**Saved data entries**
□ □ □ □ □ □ □
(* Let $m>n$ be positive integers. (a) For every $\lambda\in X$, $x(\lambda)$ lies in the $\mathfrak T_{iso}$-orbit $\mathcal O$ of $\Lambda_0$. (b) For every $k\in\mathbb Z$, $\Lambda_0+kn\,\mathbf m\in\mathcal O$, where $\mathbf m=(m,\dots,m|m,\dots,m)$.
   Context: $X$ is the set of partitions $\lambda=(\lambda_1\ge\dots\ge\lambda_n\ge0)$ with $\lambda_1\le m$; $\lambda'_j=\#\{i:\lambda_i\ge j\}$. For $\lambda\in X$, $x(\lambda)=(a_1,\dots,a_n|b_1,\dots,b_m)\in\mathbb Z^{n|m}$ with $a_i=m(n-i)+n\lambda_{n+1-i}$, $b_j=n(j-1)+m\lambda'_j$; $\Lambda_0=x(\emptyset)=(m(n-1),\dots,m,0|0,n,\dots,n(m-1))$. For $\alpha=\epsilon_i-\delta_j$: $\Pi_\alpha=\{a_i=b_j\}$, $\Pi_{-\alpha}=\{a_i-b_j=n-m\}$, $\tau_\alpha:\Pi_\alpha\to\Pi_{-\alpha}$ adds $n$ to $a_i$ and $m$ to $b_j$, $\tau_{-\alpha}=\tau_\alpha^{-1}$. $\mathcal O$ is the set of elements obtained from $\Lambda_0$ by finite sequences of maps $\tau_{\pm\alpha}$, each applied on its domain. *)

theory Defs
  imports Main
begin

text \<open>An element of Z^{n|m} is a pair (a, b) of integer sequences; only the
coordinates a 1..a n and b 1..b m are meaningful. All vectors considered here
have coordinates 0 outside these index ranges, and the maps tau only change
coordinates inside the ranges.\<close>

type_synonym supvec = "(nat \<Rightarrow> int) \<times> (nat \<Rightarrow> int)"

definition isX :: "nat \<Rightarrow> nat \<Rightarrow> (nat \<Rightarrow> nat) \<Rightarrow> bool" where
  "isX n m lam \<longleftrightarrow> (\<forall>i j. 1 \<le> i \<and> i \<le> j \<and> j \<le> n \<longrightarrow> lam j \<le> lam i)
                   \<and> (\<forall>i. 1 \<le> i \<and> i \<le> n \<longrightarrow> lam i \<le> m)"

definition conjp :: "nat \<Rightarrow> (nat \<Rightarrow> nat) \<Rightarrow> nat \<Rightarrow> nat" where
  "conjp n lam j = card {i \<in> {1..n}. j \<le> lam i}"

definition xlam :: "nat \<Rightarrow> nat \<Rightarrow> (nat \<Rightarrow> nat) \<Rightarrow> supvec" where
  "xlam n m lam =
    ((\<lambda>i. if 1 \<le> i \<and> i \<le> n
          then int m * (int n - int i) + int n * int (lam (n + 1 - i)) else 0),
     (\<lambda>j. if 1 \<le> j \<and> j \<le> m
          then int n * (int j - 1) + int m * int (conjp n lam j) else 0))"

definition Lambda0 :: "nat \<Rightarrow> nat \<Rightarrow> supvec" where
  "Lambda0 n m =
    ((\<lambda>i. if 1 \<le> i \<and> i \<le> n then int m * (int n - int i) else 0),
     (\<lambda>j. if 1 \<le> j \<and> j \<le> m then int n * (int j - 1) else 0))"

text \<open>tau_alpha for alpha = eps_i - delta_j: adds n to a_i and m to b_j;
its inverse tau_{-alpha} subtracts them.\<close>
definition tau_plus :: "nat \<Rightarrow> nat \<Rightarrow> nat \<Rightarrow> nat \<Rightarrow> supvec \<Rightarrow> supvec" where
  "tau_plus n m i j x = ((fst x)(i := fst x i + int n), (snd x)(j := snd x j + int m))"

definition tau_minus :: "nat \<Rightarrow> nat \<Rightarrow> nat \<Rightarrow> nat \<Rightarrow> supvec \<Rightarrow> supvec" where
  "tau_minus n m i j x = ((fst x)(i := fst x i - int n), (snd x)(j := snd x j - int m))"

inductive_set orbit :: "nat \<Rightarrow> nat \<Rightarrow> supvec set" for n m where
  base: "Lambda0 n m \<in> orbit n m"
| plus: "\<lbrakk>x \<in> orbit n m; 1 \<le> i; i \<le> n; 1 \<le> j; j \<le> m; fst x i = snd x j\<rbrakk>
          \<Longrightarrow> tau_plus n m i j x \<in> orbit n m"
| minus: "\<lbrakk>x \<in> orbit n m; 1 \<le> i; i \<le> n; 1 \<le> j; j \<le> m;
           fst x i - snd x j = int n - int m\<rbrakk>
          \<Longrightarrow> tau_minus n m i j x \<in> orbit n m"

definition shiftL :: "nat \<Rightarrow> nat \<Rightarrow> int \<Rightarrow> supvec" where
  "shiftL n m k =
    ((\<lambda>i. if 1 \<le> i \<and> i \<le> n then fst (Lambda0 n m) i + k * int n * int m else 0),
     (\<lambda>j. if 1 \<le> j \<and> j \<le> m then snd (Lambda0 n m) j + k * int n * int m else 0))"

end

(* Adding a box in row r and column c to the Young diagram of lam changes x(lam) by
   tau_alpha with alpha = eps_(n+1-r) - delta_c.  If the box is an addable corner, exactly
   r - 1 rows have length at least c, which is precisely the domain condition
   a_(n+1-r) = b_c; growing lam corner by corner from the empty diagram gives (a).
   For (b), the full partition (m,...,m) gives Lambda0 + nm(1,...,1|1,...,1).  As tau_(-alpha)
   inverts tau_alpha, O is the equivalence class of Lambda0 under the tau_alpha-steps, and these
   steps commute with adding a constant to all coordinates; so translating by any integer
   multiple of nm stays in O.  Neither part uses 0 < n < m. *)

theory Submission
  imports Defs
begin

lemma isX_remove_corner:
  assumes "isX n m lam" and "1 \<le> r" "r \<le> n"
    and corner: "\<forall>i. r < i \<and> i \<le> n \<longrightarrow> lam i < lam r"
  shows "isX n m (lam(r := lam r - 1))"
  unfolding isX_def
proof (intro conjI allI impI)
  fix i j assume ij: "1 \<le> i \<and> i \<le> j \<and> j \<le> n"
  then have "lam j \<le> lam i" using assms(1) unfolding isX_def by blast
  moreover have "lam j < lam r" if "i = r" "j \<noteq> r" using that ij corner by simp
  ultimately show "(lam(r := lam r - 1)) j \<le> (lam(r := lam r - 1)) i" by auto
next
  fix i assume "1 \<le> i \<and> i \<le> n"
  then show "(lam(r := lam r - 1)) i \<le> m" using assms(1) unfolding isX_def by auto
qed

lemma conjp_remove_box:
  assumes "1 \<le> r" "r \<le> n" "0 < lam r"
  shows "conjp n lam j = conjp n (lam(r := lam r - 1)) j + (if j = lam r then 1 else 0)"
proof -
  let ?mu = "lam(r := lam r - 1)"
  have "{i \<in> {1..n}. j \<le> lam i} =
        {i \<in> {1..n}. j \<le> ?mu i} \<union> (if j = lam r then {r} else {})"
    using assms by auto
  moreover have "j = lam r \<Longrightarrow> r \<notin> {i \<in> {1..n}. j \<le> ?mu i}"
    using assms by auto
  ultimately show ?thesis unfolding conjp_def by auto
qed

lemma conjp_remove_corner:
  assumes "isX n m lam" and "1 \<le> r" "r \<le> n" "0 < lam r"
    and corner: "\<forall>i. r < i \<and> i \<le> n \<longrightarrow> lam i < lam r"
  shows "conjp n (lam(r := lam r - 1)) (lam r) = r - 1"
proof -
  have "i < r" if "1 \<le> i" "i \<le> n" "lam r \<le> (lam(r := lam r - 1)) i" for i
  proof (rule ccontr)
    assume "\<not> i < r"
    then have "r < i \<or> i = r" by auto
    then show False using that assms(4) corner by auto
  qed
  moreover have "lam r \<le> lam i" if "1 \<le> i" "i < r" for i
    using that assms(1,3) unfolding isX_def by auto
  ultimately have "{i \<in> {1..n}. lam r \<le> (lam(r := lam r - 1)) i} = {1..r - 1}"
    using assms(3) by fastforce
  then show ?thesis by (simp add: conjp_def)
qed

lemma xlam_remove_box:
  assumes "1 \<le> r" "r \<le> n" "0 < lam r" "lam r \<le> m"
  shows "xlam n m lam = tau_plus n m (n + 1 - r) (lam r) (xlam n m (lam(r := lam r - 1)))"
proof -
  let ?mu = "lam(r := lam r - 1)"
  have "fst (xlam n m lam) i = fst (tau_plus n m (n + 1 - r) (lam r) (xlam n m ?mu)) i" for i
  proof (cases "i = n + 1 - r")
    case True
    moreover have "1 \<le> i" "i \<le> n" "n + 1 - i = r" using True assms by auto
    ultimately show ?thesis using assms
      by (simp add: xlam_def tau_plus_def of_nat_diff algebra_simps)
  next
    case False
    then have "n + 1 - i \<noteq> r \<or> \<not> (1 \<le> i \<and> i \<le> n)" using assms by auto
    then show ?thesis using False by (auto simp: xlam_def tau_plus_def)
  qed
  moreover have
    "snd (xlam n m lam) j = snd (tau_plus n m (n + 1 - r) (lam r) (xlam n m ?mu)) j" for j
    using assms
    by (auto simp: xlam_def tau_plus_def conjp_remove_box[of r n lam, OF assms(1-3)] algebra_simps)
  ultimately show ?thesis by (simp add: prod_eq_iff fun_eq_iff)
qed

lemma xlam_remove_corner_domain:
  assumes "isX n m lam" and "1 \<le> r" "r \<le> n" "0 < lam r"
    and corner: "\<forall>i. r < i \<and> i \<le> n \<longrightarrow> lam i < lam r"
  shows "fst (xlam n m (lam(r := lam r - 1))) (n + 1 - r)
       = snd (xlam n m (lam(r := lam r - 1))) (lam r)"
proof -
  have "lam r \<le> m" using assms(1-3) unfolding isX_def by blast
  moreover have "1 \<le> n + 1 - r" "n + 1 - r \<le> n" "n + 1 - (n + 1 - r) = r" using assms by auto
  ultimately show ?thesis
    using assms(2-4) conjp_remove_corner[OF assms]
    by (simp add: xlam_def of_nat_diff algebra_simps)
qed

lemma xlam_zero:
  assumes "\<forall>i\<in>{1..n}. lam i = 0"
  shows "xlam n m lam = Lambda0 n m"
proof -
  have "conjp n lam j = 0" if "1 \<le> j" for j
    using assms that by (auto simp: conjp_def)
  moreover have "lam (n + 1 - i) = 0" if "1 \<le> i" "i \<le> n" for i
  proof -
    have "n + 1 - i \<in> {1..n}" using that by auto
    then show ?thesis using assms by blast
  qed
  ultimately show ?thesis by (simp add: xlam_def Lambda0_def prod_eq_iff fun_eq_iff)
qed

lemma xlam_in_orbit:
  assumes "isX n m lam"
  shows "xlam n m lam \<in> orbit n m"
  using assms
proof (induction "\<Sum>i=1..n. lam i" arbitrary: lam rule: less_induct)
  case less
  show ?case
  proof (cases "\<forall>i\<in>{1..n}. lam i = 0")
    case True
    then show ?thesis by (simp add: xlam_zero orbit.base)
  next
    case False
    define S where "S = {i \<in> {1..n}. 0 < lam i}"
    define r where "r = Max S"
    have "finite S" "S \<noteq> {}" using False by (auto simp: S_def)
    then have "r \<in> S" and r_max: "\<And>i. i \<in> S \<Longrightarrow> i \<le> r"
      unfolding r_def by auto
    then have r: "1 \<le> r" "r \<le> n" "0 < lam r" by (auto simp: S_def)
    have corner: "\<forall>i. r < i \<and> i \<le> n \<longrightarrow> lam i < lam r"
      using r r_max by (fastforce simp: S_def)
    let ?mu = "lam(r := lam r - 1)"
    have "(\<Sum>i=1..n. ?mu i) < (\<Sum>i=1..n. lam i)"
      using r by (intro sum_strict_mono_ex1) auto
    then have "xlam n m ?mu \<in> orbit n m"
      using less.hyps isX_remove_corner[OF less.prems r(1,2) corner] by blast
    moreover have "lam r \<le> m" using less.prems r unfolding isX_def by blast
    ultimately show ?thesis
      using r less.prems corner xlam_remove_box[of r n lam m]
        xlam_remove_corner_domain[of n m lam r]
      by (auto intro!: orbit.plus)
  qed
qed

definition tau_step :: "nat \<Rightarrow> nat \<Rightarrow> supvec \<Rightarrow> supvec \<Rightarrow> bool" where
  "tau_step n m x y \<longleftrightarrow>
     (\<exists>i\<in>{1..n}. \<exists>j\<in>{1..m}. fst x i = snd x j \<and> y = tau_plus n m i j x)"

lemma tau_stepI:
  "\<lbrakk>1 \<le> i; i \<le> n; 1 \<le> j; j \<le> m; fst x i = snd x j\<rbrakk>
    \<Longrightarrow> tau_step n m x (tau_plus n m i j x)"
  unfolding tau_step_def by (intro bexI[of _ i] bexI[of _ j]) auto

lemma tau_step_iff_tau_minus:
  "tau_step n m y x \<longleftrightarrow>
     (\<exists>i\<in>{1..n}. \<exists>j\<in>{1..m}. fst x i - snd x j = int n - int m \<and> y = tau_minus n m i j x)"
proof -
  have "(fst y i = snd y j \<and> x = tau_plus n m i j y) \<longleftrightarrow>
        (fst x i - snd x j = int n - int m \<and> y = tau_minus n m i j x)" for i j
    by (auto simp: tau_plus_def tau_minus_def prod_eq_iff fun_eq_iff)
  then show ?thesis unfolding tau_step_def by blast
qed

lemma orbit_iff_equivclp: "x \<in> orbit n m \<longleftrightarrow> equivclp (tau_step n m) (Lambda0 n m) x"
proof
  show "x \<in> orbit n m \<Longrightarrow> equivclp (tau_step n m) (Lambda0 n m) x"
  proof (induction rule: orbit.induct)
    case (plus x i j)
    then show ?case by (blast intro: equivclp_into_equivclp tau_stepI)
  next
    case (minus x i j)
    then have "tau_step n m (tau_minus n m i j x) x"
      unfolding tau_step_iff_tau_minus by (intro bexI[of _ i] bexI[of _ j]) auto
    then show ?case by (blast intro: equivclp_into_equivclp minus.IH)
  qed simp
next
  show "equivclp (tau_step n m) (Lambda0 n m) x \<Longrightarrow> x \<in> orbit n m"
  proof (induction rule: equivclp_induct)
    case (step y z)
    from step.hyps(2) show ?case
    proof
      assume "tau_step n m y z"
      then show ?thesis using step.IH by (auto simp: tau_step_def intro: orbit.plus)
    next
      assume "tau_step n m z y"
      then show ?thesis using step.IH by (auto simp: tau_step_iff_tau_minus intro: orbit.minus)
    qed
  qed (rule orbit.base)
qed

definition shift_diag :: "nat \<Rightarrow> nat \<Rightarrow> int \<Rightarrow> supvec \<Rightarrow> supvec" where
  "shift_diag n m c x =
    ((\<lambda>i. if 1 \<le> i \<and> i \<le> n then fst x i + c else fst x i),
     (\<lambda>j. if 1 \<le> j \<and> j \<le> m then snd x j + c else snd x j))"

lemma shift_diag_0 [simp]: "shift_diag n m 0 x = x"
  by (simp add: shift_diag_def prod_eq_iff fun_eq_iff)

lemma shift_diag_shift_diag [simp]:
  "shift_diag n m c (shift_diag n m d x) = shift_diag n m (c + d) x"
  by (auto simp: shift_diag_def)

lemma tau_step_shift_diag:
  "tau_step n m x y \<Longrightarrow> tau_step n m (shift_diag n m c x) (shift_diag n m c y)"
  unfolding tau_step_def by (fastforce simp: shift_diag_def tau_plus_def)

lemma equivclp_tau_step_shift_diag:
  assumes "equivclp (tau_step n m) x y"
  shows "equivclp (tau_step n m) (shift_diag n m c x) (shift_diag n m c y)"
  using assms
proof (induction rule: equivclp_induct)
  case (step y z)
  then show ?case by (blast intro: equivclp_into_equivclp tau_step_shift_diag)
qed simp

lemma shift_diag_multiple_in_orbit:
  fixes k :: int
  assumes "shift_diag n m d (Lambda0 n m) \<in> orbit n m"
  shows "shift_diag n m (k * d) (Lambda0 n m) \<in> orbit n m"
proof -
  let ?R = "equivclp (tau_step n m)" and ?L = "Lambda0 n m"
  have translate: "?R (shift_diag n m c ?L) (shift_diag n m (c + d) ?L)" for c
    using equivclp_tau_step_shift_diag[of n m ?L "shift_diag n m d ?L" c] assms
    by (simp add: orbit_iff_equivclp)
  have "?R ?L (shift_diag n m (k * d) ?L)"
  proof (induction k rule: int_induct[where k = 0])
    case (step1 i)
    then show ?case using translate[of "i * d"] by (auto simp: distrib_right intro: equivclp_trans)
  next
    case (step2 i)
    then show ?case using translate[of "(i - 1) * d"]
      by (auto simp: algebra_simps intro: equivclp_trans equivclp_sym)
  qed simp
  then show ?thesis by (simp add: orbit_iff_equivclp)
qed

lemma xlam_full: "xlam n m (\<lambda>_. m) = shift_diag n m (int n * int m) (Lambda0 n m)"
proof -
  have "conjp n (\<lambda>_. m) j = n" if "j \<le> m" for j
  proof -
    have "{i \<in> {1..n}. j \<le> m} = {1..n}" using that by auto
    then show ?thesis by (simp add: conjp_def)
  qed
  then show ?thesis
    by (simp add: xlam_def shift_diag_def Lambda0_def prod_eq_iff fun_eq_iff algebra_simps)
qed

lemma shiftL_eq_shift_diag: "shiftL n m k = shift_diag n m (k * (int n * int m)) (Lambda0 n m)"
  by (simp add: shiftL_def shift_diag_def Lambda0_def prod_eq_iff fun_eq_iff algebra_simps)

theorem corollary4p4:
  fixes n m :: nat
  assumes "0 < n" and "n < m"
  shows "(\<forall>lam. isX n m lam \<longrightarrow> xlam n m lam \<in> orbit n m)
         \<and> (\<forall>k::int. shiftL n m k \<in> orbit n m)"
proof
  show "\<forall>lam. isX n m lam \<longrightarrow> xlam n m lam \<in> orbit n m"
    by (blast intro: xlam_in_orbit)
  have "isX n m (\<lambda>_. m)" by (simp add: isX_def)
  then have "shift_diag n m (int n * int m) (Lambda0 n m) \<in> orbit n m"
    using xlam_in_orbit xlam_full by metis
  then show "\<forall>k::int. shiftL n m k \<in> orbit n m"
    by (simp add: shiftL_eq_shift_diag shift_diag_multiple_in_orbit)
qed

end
□ □ □ □ □ □ □
**Exercise details**
Filter the entries and copy each line with "mathbb".

**Answer to this exercise**
(* Let $m>n$ be positive integers. (a) For every $\lambda\in X$, $x(\lambda)$ lies in the $\mathfrak T_{iso}$-orbit $\mathcal O$ of $\Lambda_0$. (b) For every $k\in\mathbb Z$, $\Lambda_0+kn\,\mathbf m\in\mathcal O$, where $\mathbf m=(m,\dots,m|m,\dots,m)$.
   Context: $X$ is the set of partitions $\lambda=(\lambda_1\ge\dots\ge\lambda_n\ge0)$ with $\lambda_1\le m$; $\lambda'_j=\#\{i:\lambda_i\ge j\}$. For $\lambda\in X$, $x(\lambda)=(a_1,\dots,a_n|b_1,\dots,b_m)\in\mathbb Z^{n|m}$ with $a_i=m(n-i)+n\lambda_{n+1-i}$, $b_j=n(j-1)+m\lambda'_j$; $\Lambda_0=x(\emptyset)=(m(n-1),\dots,m,0|0,n,\dots,n(m-1))$. For $\alpha=\epsilon_i-\delta_j$: $\Pi_\alpha=\{a_i=b_j\}$, $\Pi_{-\alpha}=\{a_i-b_j=n-m\}$, $\tau_\alpha:\Pi_\alpha\to\Pi_{-\alpha}$ adds $n$ to $a_i$ and $m$ to $b_j$, $\tau_{-\alpha}=\tau_\alpha^{-1}$. $\mathcal O$ is the set of elements obtained from $\Lambda_0$ by finite sequences of maps $\tau_{\pm\alpha}$, each applied on its domain. *)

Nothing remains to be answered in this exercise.